WHAT YOU ARE ASKED TO DO:
The full set of entries has to be output exactly.

EXERCISE MATERIALS:
lemma sum_delta_scale:
  assumes "finite S" "e \<in> S"
  shows "(\<Sum>x\<in>S. (if x = e then 1 else 0) *s x) = e"
proof -
  have "(\<Sum>x\<in>S. (if x = e then 1 else 0) *s x) = (\<Sum>x\<in>S. if x = e then x else 0)"
    by (rule sum.cong) auto
  with assms show ?thesis
    by simp
qed

lemma coeff_unique_mod_span:
  assumes "e \<notin> span S" "x - c *s e \<in> span S" "x - d *s e \<in> span S"
  shows "c = d"
proof (rule ccontr)
  assume "c \<noteq> d"
  have "(x - c *s e) - (x - d *s e) = (d - c) *s e"
    by (simp add: scale_left_diff_distrib)
  then have "(d - c) *s e \<in> span S"
    using span_diff[OF assms(2,3)] by simp
  then have "(1 / (d - c)) *s (d - c) *s e \<in> span S"
    by (rule span_scale)
  with \<open>c \<noteq> d\<close> assms(1) show False by simp
qed

end

definition rspan :: "('k::field \<Rightarrow> 'v::ab_group_add \<Rightarrow> 'v) \<Rightarrow> 'k set \<Rightarrow> 'v set \<Rightarrow> 'v set" where
  "rspan scale R S = {y. \<exists>c. (\<forall>x\<in>S. c x \<in> R) \<and> y = (\<Sum>x\<in>S. scale (c x) x)}"

definition plus_scaled :: "('k \<Rightarrow> 'v \<Rightarrow> 'v::ab_group_add) \<Rightarrow> 'v set \<Rightarrow> 'k \<Rightarrow> 'v set \<Rightarrow> 'v set" where
  "plus_scaled scale M c U = {x + scale c u | x u. x \<in> M \<and> u \<in> U}"

locale dvr_vector_space = vector_space scale + valued_field v
  for scale :: "'k::field \<Rightarrow> 'v::ab_group_add \<Rightarrow> 'v" (infixr \<open>*s\<close> 75) and v +
  fixes pi :: 'k
  assumes uniformizer_nonzero: "pi \<noteq> 0" and val_uniformizer: "v pi = 1"
begin

abbreviation "R \<equiv> val_ring v"
abbreviation "Rspan S \<equiv> rspan scale R S"

definition rsubmodule :: "'v set \<Rightarrow> bool" where
  "rsubmodule N \<longleftrightarrow> 0 \<in> N \<and> (\<forall>x\<in>N. \<forall>y\<in>N. x + y \<in> N) \<and> (\<forall>r\<in>R. \<forall>x\<in>N. r *s x \<in> N)"

lemma is_lattice_iff:
  "is_lattice scale R M \<longleftrightarrow> (\<exists>b. finite b \<and> independent b \<and> span b = UNIV \<and> M = Rspan b)"
  unfolding is_lattice_def rspan_def by auto

lemma uniformizer_power_nonzero: "pi ^ n \<noteq> 0"
  using uniformizer_nonzero by simp

lemma val_uniformizer_power: "v (pi ^ n) = int n"
  using val_power[OF uniformizer_nonzero] val_uniformizer by simp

ANSWER BOX:
lemma sum_delta_scale:
  assumes "finite S" "e \<in> S"
  shows "(\<Sum>x\<in>S. (if x = e then 1 else 0) *s x) = e"
proof -
  have "(\<Sum>x\<in>S. (if x = e then 1 else 0) *s x) = (\<Sum>x\<in>S. if x = e then x else 0)"
    by (rule sum.cong) auto
  with assms show ?thesis
    by simp
qed

lemma coeff_unique_mod_span:
  assumes "e \<notin> span S" "x - c *s e \<in> span S" "x - d *s e \<in> span S"
  shows "c = d"
proof (rule ccontr)
  assume "c \<noteq> d"
  have "(x - c *s e) - (x - d *s e) = (d - c) *s e"
    by (simp add: scale_left_diff_distrib)
  then have "(d - c) *s e \<in> span S"
    using span_diff[OF assms(2,3)] by simp
  then have "(1 / (d - c)) *s (d - c) *s e \<in> span S"
    by (rule span_scale)
  with \<open>c \<noteq> d\<close> assms(1) show False by simp
qed

end

definition rspan :: "('k::field \<Rightarrow> 'v::ab_group_add \<Rightarrow> 'v) \<Rightarrow> 'k set \<Rightarrow> 'v set \<Rightarrow> 'v set" where
  "rspan scale R S = {y. \<exists>c. (\<forall>x\<in>S. c x \<in> R) \<and> y = (\<Sum>x\<in>S. scale (c x) x)}"

definition plus_scaled :: "('k \<Rightarrow> 'v \<Rightarrow> 'v::ab_group_add) \<Rightarrow> 'v set \<Rightarrow> 'k \<Rightarrow> 'v set \<Rightarrow> 'v set" where
  "plus_scaled scale M c U = {x + scale c u | x u. x \<in> M \<and> u \<in> U}"

locale dvr_vector_space = vector_space scale + valued_field v
  for scale :: "'k::field \<Rightarrow> 'v::ab_group_add \<Rightarrow> 'v" (infixr \<open>*s\<close> 75) and v +
  fixes pi :: 'k
  assumes uniformizer_nonzero: "pi \<noteq> 0" and val_uniformizer: "v pi = 1"
begin

abbreviation "R \<equiv> val_ring v"
abbreviation "Rspan S \<equiv> rspan scale R S"

definition rsubmodule :: "'v set \<Rightarrow> bool" where
  "rsubmodule N \<longleftrightarrow> 0 \<in> N \<and> (\<forall>x\<in>N. \<forall>y\<in>N. x + y \<in> N) \<and> (\<forall>r\<in>R. \<forall>x\<in>N. r *s x \<in> N)"

lemma is_lattice_iff:
  "is_lattice scale R M \<longleftrightarrow> (\<exists>b. finite b \<and> independent b \<and> span b = UNIV \<and> M = Rspan b)"
  unfolding is_lattice_def rspan_def by auto

lemma uniformizer_power_nonzero: "pi ^ n \<noteq> 0"
  using uniformizer_nonzero by simp

lemma val_uniformizer_power: "v (pi ^ n) = int n"
  using val_power[OF uniformizer_nonzero] val_uniformizer by simp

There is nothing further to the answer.